In this exercise, reproduce all the entries that follow exactly.
*** Opening Records for the exercise ***
section \<open>Bounds for a fixed number of vertices\<close>

lemma prob_seqMJ_induced_close:
  fixes n :: nat and d :: "nat \<Rightarrow> nat"
  defines "M \<equiv> \<Sum>i<n. real (d i)"
  assumes p: "0 \<le> p" "p \<le> 1" and D: "\<And>i. i < n \<Longrightarrow> d i \<le> D"
    and graphs: "simple_graphs_deg n d \<noteq> {}" and t: "t > 0"
    and x: "\<bar>x - (p * p * M - 2 * expected_deg_count n d p 2)\<bar> \<le> err"
  shows "1 - p * (real D * M + (1 + real D) * (real n + M)) / t\<^sup>2
           \<le> measure_pmf.prob (graph_subset_pmf n d p)
                {(E, S). \<bar>x - real (seqMJ (induced_degseq E S))\<bar> \<le> err + 4 * t}"
proof -
  let ?far = "\<lambda>E S. 4 * t < \<bar>real (seqMJ (induced_degseq E S))
                              - (p * p * M - 2 * expected_deg_count n d p 2)\<bar>"
  have "measure_pmf.prob (graph_subset_pmf n d p) {z. ?far (fst z) (snd z)}
      \<le> p * (real D * M + (1 + real D) * (real n + M)) / t\<^sup>2"
    unfolding graph_subset_pmf_def
  proof (rule prob_pair_pmf_le)
    show "finite (set_pmf (pmf_of_set (simple_graphs_deg n d)))"
      using finite_simple_graphs_deg graphs by simp
    show "finite (set_pmf (random_subset n p))"
      unfolding random_subset_def by (simp add: finite_set_Pi_pmf_bool)
    fix E assume "E \<in> set_pmf (pmf_of_set (simple_graphs_deg n d))"
    then interpret subgraph_sampling n d E p D
      using finite_simple_graphs_deg graphs p D by unfold_locales auto
    show "measure_pmf.prob (random_subset n p) {S. ?far E S}
        \<le> p * (real D * M + (1 + real D) * (real n + M)) / t\<^sup>2"
      unfolding M_def by (rule prob_seqMJ_induced_deviation[OF t])
  qed
  moreover have "measure_pmf.prob (graph_subset_pmf n d p) (UNIV - {z. ?far (fst z) (snd z)})
      \<le> measure_pmf.prob (graph_subset_pmf n d p)
           {(E, S). \<bar>x - real (seqMJ (induced_degseq E S))\<bar> \<le> err + 4 * t}"
    using x by (intro measure_pmf.finite_measure_mono) auto
  ultimately show ?thesis
    using measure_pmf.prob_compl[of "{z. ?far (fst z) (snd z)}" "graph_subset_pmf n d p"] by simp
qed

lemma dA_seqM_seqMJ_bounds:
  fixes n :: nat and d :: "nat \<Rightarrow> nat" and p \<epsilon> :: real
  defines "M \<equiv> \<Sum>i<n. real (d i)" and "c \<equiv> min (1/9) \<epsilon>"
  assumes p: "0 < p" "p < 1 - \<epsilon>" and eps: "0 < \<epsilon>"
    and d: "\<And>i. i < n \<Longrightarrow> 1 \<le> d i" "\<And>i. i < n \<Longrightarrow> d i \<le> D"
    and small: "(real D + 1)\<^sup>2 \<le> c / 2 * (p * p * M)"
  shows "p * p * M \<le> 2 * real (seqM (dA n d p))"
    and "c / 4 * real (seqM (dA n d p)) \<le> real (seqMJ (dA n d p))"
proof -
  let ?Ma = "real (seqM (dA n d p))" and ?MJa = "real (seqMJ (dA n d p))"
  define X where "X = p * p * M"
  have p01: "0 \<le> p" "p \<le> 1" and c: "0 < c" "c \<le> 1/9" using p eps by (auto simp: c_def)
  have "0 \<le> X" using p by (simp add: X_def M_def sum_nonneg)
  then have cX: "c * X \<le> X" using c by (simp add: mult_left_le_one_le)
  have approx: "\<bar>?Ma - X\<bar> \<le> c * X / 2" "\<bar>?MJa - (X - 2 * expected_deg_count n d p 2)\<bar> \<le> c * X / 2"
    using dA_sums_approx[OF p01 d(2)] small unfolding M_def X_def by force+
  then show "p * p * M \<le> 2 * ?Ma" using cX unfolding X_def by linarith
  have "2 * expected_deg_count n d p 2 \<le> X - c * X"
    using two_expected_deg_count_2_le[OF p eps d(1)] unfolding c_def X_def M_def
    by (simp add: algebra_simps)
  then have "c * X / 2 \<le> ?MJa" using approx(2) by linarith
  moreover have "?Ma \<le> 2 * X" using approx(1) cX by linarith
  then have "c * ?Ma \<le> c * (2 * X)" using c by (intro mult_left_mono) auto
  ultimately show "c / 4 * ?Ma \<le> ?MJa" by simp
qed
*** Closing Records for the exercise ***
**Output below**:
section \<open>Bounds for a fixed number of vertices\<close>

lemma prob_seqMJ_induced_close:
  fixes n :: nat and d :: "nat \<Rightarrow> nat"
  defines "M \<equiv> \<Sum>i<n. real (d i)"
  assumes p: "0 \<le> p" "p \<le> 1" and D: "\<And>i. i < n \<Longrightarrow> d i \<le> D"
    and graphs: "simple_graphs_deg n d \<noteq> {}" and t: "t > 0"
    and x: "\<bar>x - (p * p * M - 2 * expected_deg_count n d p 2)\<bar> \<le> err"
  shows "1 - p * (real D * M + (1 + real D) * (real n + M)) / t\<^sup>2
           \<le> measure_pmf.prob (graph_subset_pmf n d p)
                {(E, S). \<bar>x - real (seqMJ (induced_degseq E S))\<bar> \<le> err + 4 * t}"
proof -
  let ?far = "\<lambda>E S. 4 * t < \<bar>real (seqMJ (induced_degseq E S))
                              - (p * p * M - 2 * expected_deg_count n d p 2)\<bar>"
  have "measure_pmf.prob (graph_subset_pmf n d p) {z. ?far (fst z) (snd z)}
      \<le> p * (real D * M + (1 + real D) * (real n + M)) / t\<^sup>2"
    unfolding graph_subset_pmf_def
  proof (rule prob_pair_pmf_le)
    show "finite (set_pmf (pmf_of_set (simple_graphs_deg n d)))"
      using finite_simple_graphs_deg graphs by simp
    show "finite (set_pmf (random_subset n p))"
      unfolding random_subset_def by (simp add: finite_set_Pi_pmf_bool)
    fix E assume "E \<in> set_pmf (pmf_of_set (simple_graphs_deg n d))"
    then interpret subgraph_sampling n d E p D
      using finite_simple_graphs_deg graphs p D by unfold_locales auto
    show "measure_pmf.prob (random_subset n p) {S. ?far E S}
        \<le> p * (real D * M + (1 + real D) * (real n + M)) / t\<^sup>2"
      unfolding M_def by (rule prob_seqMJ_induced_deviation[OF t])
  qed
  moreover have "measure_pmf.prob (graph_subset_pmf n d p) (UNIV - {z. ?far (fst z) (snd z)})
      \<le> measure_pmf.prob (graph_subset_pmf n d p)
           {(E, S). \<bar>x - real (seqMJ (induced_degseq E S))\<bar> \<le> err + 4 * t}"
    using x by (intro measure_pmf.finite_measure_mono) auto
  ultimately show ?thesis
    using measure_pmf.prob_compl[of "{z. ?far (fst z) (snd z)}" "graph_subset_pmf n d p"] by simp
qed

lemma dA_seqM_seqMJ_bounds:
  fixes n :: nat and d :: "nat \<Rightarrow> nat" and p \<epsilon> :: real
  defines "M \<equiv> \<Sum>i<n. real (d i)" and "c \<equiv> min (1/9) \<epsilon>"
  assumes p: "0 < p" "p < 1 - \<epsilon>" and eps: "0 < \<epsilon>"
    and d: "\<And>i. i < n \<Longrightarrow> 1 \<le> d i" "\<And>i. i < n \<Longrightarrow> d i \<le> D"
    and small: "(real D + 1)\<^sup>2 \<le> c / 2 * (p * p * M)"
  shows "p * p * M \<le> 2 * real (seqM (dA n d p))"
    and "c / 4 * real (seqM (dA n d p)) \<le> real (seqMJ (dA n d p))"
proof -
  let ?Ma = "real (seqM (dA n d p))" and ?MJa = "real (seqMJ (dA n d p))"
  define X where "X = p * p * M"
  have p01: "0 \<le> p" "p \<le> 1" and c: "0 < c" "c \<le> 1/9" using p eps by (auto simp: c_def)
  have "0 \<le> X" using p by (simp add: X_def M_def sum_nonneg)
  then have cX: "c * X \<le> X" using c by (simp add: mult_left_le_one_le)
  have approx: "\<bar>?Ma - X\<bar> \<le> c * X / 2" "\<bar>?MJa - (X - 2 * expected_deg_count n d p 2)\<bar> \<le> c * X / 2"
    using dA_sums_approx[OF p01 d(2)] small unfolding M_def X_def by force+
  then show "p * p * M \<le> 2 * ?Ma" using cX unfolding X_def by linarith
  have "2 * expected_deg_count n d p 2 \<le> X - c * X"
    using two_expected_deg_count_2_le[OF p eps d(1)] unfolding c_def X_def M_def
    by (simp add: algebra_simps)
  then have "c * X / 2 \<le> ?MJa" using approx(2) by linarith
  moreover have "?Ma \<le> 2 * X" using approx(1) cX by linarith
  then have "c * ?Ma \<le> c * (2 * X)" using c by (intro mult_left_mono) auto
  ultimately show "c / 4 * ?Ma \<le> ?MJa" by simp
qed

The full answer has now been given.